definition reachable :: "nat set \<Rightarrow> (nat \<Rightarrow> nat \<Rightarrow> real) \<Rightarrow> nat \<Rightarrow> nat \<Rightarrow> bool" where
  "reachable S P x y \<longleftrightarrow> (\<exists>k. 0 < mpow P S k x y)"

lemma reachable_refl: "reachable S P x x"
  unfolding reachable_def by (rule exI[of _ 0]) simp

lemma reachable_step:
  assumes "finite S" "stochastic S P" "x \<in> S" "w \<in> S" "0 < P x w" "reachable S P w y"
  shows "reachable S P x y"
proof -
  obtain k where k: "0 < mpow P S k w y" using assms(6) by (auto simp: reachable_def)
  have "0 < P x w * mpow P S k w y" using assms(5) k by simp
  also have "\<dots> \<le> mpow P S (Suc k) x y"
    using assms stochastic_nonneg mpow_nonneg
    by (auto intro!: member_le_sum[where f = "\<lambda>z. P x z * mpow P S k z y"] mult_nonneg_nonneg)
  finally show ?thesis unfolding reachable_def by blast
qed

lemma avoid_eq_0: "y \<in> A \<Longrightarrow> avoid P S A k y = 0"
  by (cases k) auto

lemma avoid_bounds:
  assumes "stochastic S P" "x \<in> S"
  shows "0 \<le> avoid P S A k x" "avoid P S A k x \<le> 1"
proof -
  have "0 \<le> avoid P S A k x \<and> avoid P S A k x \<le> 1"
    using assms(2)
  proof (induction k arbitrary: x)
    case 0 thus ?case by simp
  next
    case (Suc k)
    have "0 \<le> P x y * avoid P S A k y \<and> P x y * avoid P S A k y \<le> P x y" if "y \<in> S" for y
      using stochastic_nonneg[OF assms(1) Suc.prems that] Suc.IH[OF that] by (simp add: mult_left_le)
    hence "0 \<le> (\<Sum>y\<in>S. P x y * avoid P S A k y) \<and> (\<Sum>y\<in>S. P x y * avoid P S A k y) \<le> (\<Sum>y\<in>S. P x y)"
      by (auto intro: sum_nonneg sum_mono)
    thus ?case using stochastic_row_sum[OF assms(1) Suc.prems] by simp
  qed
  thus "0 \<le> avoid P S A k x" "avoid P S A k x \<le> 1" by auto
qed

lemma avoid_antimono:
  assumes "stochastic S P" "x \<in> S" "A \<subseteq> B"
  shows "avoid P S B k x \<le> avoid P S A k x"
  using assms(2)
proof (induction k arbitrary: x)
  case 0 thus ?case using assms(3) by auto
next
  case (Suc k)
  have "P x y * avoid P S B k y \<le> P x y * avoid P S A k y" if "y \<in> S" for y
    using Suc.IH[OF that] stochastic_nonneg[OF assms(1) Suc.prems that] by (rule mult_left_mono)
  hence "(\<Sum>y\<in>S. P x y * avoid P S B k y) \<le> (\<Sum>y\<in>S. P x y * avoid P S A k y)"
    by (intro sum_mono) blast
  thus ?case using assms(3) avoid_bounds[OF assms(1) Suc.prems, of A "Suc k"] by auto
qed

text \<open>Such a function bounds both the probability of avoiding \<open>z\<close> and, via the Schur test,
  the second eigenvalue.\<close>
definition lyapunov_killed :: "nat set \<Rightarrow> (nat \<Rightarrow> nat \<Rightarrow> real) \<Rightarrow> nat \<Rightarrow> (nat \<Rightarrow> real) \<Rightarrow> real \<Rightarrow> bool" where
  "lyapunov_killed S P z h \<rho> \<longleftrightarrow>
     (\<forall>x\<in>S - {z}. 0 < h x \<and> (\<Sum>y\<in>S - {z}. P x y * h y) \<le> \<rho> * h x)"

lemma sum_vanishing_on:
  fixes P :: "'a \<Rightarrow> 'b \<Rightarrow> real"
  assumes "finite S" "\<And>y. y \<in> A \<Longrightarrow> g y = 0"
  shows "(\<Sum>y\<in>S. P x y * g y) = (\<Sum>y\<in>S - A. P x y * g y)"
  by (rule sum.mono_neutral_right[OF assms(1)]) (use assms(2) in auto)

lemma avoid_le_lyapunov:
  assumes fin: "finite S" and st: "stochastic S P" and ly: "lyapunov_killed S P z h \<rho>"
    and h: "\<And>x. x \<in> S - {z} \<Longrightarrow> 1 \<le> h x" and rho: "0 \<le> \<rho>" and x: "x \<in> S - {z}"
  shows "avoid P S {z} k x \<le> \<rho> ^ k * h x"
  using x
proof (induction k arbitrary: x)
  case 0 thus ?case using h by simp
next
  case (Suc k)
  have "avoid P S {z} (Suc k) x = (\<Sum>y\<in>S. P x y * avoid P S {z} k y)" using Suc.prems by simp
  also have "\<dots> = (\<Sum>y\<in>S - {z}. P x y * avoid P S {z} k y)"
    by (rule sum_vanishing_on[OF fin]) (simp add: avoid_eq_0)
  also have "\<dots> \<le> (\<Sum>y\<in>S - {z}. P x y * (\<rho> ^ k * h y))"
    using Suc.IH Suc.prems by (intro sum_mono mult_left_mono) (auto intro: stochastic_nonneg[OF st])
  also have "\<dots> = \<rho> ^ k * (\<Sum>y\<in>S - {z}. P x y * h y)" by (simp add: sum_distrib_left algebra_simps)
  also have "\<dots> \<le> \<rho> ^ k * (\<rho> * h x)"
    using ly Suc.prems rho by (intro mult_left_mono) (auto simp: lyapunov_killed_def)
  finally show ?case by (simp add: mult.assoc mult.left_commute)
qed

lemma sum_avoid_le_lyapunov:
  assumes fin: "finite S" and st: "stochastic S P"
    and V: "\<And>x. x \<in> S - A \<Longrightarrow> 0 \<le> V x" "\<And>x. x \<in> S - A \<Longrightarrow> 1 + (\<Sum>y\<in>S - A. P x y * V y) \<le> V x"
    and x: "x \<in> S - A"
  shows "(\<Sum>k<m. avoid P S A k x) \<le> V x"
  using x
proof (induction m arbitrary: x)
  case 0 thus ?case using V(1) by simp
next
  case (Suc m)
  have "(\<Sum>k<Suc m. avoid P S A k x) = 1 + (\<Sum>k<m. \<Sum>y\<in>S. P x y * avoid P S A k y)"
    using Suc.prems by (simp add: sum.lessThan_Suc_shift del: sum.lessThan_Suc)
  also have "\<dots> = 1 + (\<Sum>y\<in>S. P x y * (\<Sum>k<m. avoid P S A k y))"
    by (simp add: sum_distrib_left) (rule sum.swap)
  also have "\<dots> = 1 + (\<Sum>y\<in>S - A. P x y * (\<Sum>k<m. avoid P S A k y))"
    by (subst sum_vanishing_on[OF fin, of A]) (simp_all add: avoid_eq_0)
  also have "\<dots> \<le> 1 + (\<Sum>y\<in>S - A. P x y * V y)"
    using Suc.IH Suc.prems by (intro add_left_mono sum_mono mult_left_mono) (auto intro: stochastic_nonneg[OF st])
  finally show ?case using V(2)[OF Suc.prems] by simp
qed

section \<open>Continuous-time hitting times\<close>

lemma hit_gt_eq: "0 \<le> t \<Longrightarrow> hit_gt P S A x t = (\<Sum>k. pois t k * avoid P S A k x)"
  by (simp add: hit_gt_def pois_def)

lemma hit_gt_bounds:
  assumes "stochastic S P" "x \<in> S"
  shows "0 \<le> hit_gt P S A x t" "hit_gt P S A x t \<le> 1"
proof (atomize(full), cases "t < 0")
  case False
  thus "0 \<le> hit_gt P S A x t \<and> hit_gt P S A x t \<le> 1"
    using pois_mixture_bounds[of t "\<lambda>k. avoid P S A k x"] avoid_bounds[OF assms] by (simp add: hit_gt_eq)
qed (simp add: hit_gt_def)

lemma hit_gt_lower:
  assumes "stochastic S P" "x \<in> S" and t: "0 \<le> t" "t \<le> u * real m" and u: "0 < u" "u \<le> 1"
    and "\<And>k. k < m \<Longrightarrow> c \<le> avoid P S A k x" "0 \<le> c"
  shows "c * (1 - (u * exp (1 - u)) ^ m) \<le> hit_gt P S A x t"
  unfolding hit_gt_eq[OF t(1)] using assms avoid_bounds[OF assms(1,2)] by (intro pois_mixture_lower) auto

▸ Work to complete:
In the material above, find the lines that contain "proof" and show them.

▸ Exercise result:
proof -
proof -
  proof (induction k arbitrary: x)
proof (induction k arbitrary: x)
proof (induction k arbitrary: x)
proof (induction m arbitrary: x)
proof (atomize(full), cases "t < 0")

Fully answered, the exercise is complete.